The Strategy is to strengthen its position as the "UK's leading integrated postal group" through (i) integrating the network (think IT) to make best use of resources (lowest cost) to deliver the breadth of services offered and (ii) increasing market share through new products and services. The Company changed its name from Business Post Group to UK Mail in October 2009.
Investor Relations is here
Share Price & Value
The current share price of 305p (mid-point as at 21 March) represents a PER of 13x and gives the Company a market value of £167m. In the past three years, the shares have hit a high of 390p (Oct 2010) and a low of 255p (June 2009). The shares are 63% off the three year high.
M&G and Schroders hold just under 11% and 7% respectively.

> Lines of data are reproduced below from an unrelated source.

lemma demand_le_rate:
  fixes g :: "'n::finite \<Rightarrow> 'N::finite \<Rightarrow> real"
  assumes sigma_pos: "0 < sigma2" and g_pos: "\<And>i j. 0 < g i j" and "0 < B" "0 < t"
    and part: "is_partition gt m gam"
    and S_le: "sinr sigma2 g (\<lambda>k. exp (q $ k)) i j \<le> gt"
    and fhat_le: "\<And>l. l \<in> {1..m} \<Longrightarrow>
      fhat sigma2 g (bcoef gam l) q u i j \<le> ln (B * acoef gam l / t) / bcoef gam l"
  shows "t \<le> exp (u $ i $ j) * B * log 2 (1 + sinr sigma2 g (\<lambda>k. exp (q $ k)) i j)"
proof -
  define S where "S = sinr sigma2 g (\<lambda>k. exp (q $ k)) i j"
  have "0 < S"
    unfolding S_def using sinr_pos[of sigma2 g] sigma_pos g_pos by simp
  then obtain l where l: "l \<in> {1..m}" "gam l \<le> S" "S \<le> gam (Suc l)"
    using ex_cell_containing[of m gam S] part S_le by (auto simp: is_partition_def S_def)
  define a where "a = acoef gam l"
  define b where "b = bcoef gam l"
  have "0 < a" "0 < b"
    using acoef_pos[OF part] bcoef_pos[OF part l(1)] by (simp_all add: a_def b_def)
  have "- (u $ i $ j / b) - ln S \<le> ln (B * a / t) / b"
    using fhat_le[OF l(1)] fhat_eq_minus_ln_sinr[of sigma2 g, OF sigma_pos g_pos] by (simp add: S_def a_def b_def)
  then have "b * (- (u $ i $ j / b) - ln S) \<le> ln (B * a / t)"
    using \<open>0 < b\<close> by (simp add: pos_le_divide_eq mult.commute)
  then have "ln t \<le> u $ i $ j + ln B + ln a + b * ln S"
    using \<open>0 < b\<close> \<open>0 < a\<close> \<open>0 < B\<close> \<open>0 < t\<close> by (simp add: algebra_simps ln_div ln_mult)
  also have "\<dots> = ln (exp (u $ i $ j) * B * phi gam l S)"
    using \<open>0 < a\<close> \<open>0 < B\<close> \<open>0 < S\<close> by (simp add: phi_def a_def b_def ln_mult ln_powr)
  finally have "t \<le> exp (u $ i $ j) * B * phi gam l S"
    using \<open>0 < t\<close> \<open>0 < a\<close> \<open>0 < B\<close> \<open>0 < S\<close> by (simp add: phi_def a_def)
  also have "\<dots> \<le> exp (u $ i $ j) * B * log 2 (1 + S)"
    using phi_le_log2[OF part l] \<open>0 < B\<close> by simp
  finally show ?thesis
    unfolding S_def .
qed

These two, the families of the founders and directors therefore control 75-80% of the ordinary shares, so there is not much left over for the open market...hence the large and nasty 3% spread on the bid/offer price.
Risks & Challenges
Competitive environment with pressure on revenues and margins likely to persist in short to medium term at least; the ability to pass on rising fuel and energy costs to customers; the UK mail market is in structural decline and is contracting at 5% pa - therefore innovation and product development will be important in growing market share (eg imail product - a web-to-print postal service), as well as diversification into new areas (eg April 2010 - signed a new contract with Royal Mail to operate a packet collection and delivery service); proposed privatisation of Royal Mail; and succession issues - for management and the share price - if and when the Kanes start to unwind their influence.
The Rules
The following analysis is based on the 12 months to March 2010 (FY10)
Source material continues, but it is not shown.